The Release describes certain commission-sharing arrangements.6 It reiterates the SEC’s
view that where more than one broker-dealer is involved in a commission-sharing arrangement,
the “introducing broker [must be] engaged in securities activities of a more extensive nature
than merely the receipt of commissions paid to it by other broker-dealers for ‘research services’
provided to money managers.” It states that while commission-sharing arrangements typically
involve clearing agreements pursuant to SRO rules, a clearing agreement that satisfies SRO
rules does not necessarily satisfy the criteria of Section 28(e). Further, “[e]ach broker-dealer
must play a role in effecting securities transactions that goes beyond the mere provision of
research services to money managers,” and the nature of the activities actually performed
determines whether the commission-sharing arrangement qualifies for the safe harbor.

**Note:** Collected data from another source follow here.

lemma bounded_lang_opt0: "bounded_lang {[], [0]}"
  unfolding bounded_lang_def
  by (rule exI[of _ "[[0]]"]) (auto intro: exI[of _ "[0]"] exI[of _ "[1]"])

definition add_channel :: "fifo \<Rightarrow> (nat \<times> act \<times> nat) list \<Rightarrow> nat \<Rightarrow> fifo" where
  "add_channel M ts D = \<lparr>states = D # states M, nch = Suc (nch M), alph = alph M @ [[0]],
     delta = ts @ delta M, init = init M\<rparr>"

lemma actions_add_channel:
  "length (alph M) = nch M \<Longrightarrow>
   actions (add_channel M ts D) = actions M \<union> {Snd (nch M) 0, Rcv (nch M) 0}"
  by (auto simp: actions_def add_channel_def nth_append less_Suc_eq)

lemma LsendA_add_channel:
  assumes "length (alph M) = nch M" "length As = nch M"
  shows "\<sigma> \<in> LsendA (add_channel M ts D) (As @ [nfa_opt0]) \<longleftrightarrow>
    set \<sigma> \<subseteq> actions M \<union> {Snd (nch M) 0, Rcv (nch M) 0} \<and>
    (\<forall>c<nch M. proj_send c \<sigma> \<in> nfa_lang (As ! c)) \<and> proj_send (nch M) \<sigma> \<in> {[], [0]}"
  using assms actions_add_channel[OF assms(1)]
  by (auto simp: LsendA_iff add_channel_def nth_append less_Suc_eq nfa_lang_opt0)

lemma valid_langs_add_channel:
  "valid_langs M As \<Longrightarrow> length (alph M) = nch M \<Longrightarrow>
   valid_langs (add_channel M ts D) (As @ [nfa_opt0])"
  using bounded_lang_opt0
  by (auto simp: valid_langs_def add_channel_def nth_append less_Suc_eq nfa_lang_opt0)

5 The Release explains that when brokerage commissions were fixed before 1975, a “give-up” was a payment to
another broker-dealer of a portion of the commission required to be charged by the executing broker-dealer. The
broker-dealer receiving the give-up may have had no role in the transaction generating the commission and may not
even have known where or when the trade was executed. The SEC found that these arrangements violated the
securities laws because the portion of the commission “given up” is a charge above the cost of execution on client
accounts and because the broker-dealer receiving the “give up” did nothing in connection with the securities trade to
benefit investors.
6 The Release differentiates “step-outs” from commission-sharing arrangements. According to the Release,
“[p]rovided that each broker in a step-out performs substantive functions in effecting trades, e.g., clearance and
settlement, such arrangements may be eligible for the safe harbor.
7
According to the Release, the following elements are necessary for a commission-sharing
arrangement under which research and brokerage services are provided under the safe harbor:
• The commission-sharing arrangement must be part of a normal and legitimate
correspondent relationship in which each broker-dealer is engaged in securities
activities of a more extensive nature than merely the receipt of commissions paid to it by
other broker-dealers for research services provided to money managers. The SEC
believes that, at a minimum, this means that the introducing broker-dealer must: (1) be
financially responsible to the clearing broker-dealer for all customer trades until the
clearing broker-dealer has received payment (or securities); (2) make and/or maintain
records relating to its customer trades required by SEC and SRO rules; (3) monitor and
respond to customer comments concerning the trading process; and (4) generally
monitor trades and settlements; and
• a broker-dealer effecting the trade (if not providing research and brokerage services
directly) must be legally obligated to a third-party producer of research or brokerage
services to pay for the service ultimately provided to a money manager.
Request for Comments
The SEC seeks comment generally on its proposed interpretive guidance, including
whether the proposed guidance has accurately identified the industry practices for which
guidance would be most useful, and whether the guidance would significantly affect the level
and distribution of costs among industry participants and, if so, whether these effects would be
beneficial to investors or otherwise serve the public interest. The Release also includes a list of
specific questions on which the SEC solicits comment. These questions address, among other
topics, whether there are types of products or services that are commonly paid for with client
commissions for which additional guidance would be useful (e.g., proxy voting services),
whether the SEC should provide additional guidance concerning mass-marketed publications,
and whether the SEC should afford firms time to implement the interpretation. Regarding the
latter, the Release requests specific examples of any potential implementation issues.